**Task to complete**
For the data below, give again exactly the lines from the one containing "F j \<subseteq>" through the one containing "using InvD(5)[OF I assms(3)]", both ends included, and no others.

**Dataset items**
--- START ---

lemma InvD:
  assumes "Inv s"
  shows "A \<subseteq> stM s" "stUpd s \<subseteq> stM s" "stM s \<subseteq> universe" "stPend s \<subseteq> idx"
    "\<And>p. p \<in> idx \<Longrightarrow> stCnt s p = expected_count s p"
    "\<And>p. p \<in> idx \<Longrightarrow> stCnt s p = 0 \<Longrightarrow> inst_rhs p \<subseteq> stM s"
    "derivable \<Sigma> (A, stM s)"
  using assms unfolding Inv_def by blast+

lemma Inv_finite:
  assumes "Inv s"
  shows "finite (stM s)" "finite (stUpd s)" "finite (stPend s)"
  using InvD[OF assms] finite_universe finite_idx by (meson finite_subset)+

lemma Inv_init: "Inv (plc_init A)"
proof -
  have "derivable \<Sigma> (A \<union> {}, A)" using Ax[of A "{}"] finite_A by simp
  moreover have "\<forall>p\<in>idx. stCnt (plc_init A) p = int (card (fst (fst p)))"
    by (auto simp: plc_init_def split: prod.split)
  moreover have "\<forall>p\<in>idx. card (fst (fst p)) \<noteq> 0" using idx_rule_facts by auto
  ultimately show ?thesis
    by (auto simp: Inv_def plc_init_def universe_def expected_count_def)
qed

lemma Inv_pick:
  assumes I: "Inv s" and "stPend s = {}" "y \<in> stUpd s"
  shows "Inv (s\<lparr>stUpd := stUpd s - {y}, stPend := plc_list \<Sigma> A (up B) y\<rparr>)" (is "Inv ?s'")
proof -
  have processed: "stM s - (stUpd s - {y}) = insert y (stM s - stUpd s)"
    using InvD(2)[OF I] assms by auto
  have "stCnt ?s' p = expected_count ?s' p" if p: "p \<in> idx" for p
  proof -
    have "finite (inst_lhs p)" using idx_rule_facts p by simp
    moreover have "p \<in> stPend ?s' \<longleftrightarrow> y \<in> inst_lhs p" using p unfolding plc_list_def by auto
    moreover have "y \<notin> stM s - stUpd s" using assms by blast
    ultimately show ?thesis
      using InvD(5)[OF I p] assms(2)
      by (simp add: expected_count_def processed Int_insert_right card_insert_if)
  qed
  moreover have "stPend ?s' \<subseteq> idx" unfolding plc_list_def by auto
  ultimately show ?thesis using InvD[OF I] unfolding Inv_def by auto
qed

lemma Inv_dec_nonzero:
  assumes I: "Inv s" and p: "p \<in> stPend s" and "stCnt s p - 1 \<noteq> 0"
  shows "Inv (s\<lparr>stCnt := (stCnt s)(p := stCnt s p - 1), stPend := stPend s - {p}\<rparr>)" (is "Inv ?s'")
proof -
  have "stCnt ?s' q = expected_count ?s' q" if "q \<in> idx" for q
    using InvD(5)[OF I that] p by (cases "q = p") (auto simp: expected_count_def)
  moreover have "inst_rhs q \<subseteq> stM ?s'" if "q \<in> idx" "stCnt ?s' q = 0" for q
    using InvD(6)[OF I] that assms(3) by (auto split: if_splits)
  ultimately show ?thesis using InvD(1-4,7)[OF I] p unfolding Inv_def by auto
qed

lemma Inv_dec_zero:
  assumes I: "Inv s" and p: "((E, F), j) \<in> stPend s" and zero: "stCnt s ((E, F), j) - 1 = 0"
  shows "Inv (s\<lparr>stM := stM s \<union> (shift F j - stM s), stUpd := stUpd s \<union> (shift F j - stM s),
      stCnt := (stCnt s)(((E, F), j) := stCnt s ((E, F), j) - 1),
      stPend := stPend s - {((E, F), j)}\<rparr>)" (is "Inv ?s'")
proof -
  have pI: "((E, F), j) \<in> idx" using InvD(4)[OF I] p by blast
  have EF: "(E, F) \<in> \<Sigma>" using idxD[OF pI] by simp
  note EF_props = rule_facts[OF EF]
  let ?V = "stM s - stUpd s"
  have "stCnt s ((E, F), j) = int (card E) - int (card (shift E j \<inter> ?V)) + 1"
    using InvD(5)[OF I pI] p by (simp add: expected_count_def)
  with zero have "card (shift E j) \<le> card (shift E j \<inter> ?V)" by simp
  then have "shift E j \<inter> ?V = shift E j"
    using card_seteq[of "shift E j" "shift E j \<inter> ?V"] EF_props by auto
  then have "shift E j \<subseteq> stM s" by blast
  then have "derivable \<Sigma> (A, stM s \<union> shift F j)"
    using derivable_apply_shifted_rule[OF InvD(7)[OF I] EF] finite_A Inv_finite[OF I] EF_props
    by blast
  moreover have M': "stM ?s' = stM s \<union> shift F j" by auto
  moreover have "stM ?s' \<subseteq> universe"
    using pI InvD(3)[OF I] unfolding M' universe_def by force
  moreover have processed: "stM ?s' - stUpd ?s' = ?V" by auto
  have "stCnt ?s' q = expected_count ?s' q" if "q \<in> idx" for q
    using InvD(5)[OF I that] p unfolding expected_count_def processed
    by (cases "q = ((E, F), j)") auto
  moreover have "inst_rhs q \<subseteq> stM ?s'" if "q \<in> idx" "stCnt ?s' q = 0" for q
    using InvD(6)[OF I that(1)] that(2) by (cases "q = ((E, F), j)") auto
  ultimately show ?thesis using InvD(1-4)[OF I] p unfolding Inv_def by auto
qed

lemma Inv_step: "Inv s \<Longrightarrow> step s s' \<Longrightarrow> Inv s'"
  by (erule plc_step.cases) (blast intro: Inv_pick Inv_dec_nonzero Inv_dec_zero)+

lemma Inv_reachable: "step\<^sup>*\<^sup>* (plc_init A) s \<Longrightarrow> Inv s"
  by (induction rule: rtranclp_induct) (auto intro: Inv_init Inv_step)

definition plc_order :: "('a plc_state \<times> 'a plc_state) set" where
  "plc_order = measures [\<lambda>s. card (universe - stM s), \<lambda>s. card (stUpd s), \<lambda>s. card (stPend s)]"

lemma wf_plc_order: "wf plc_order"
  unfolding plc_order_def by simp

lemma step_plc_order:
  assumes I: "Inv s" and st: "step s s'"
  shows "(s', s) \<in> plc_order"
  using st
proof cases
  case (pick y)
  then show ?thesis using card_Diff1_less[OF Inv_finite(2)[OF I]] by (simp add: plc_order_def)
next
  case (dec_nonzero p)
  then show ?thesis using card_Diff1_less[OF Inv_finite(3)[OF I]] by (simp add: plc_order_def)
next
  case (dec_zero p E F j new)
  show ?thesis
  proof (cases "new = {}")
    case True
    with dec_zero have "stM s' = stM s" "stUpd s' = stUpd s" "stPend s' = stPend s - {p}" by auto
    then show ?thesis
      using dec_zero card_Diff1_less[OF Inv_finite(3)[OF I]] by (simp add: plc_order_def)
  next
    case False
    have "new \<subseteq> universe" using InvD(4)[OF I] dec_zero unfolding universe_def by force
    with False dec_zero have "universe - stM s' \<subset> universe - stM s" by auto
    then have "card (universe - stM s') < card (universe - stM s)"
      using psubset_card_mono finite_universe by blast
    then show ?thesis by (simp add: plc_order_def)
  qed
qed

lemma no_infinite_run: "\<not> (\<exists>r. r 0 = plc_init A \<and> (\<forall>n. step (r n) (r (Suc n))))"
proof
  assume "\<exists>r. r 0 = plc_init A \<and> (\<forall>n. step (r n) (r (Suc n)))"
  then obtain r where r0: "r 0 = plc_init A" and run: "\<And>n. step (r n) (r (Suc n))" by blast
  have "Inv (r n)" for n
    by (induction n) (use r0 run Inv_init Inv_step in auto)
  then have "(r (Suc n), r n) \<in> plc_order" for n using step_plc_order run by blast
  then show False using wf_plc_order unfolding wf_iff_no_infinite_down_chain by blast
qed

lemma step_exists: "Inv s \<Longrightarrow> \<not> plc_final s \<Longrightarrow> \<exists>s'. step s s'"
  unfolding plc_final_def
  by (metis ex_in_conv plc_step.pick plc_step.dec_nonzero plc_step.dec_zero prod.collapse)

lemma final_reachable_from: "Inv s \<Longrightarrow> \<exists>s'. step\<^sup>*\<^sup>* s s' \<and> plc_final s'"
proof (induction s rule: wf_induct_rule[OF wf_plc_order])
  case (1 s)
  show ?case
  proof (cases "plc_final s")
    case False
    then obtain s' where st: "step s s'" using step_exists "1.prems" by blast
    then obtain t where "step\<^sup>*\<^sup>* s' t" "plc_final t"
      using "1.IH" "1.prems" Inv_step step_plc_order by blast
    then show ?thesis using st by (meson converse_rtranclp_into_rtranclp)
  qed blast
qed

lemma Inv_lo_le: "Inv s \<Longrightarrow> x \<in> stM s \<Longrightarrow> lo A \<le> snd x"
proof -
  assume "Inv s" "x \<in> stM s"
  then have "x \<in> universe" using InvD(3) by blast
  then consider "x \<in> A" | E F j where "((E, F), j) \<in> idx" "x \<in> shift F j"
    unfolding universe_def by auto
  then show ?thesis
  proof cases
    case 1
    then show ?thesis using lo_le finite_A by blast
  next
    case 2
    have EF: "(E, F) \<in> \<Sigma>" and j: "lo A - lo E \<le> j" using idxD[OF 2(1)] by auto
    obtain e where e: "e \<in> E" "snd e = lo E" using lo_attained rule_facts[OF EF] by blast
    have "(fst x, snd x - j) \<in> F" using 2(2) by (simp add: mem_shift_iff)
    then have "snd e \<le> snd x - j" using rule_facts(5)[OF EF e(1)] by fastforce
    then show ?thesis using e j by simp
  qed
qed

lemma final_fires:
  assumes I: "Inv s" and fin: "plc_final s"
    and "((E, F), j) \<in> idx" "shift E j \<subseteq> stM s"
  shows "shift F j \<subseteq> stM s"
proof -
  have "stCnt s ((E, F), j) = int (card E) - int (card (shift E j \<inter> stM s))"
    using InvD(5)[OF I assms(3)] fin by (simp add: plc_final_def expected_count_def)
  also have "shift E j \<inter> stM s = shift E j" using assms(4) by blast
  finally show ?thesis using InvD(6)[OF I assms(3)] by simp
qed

--- END ---

**Solution to this exercise**
  shows "shift F j \<subseteq> stM s"
proof -
  have "stCnt s ((E, F), j) = int (card E) - int (card (shift E j \<inter> stM s))"
    using InvD(5)[OF I assms(3)] fin by (simp add: plc_final_def expected_count_def)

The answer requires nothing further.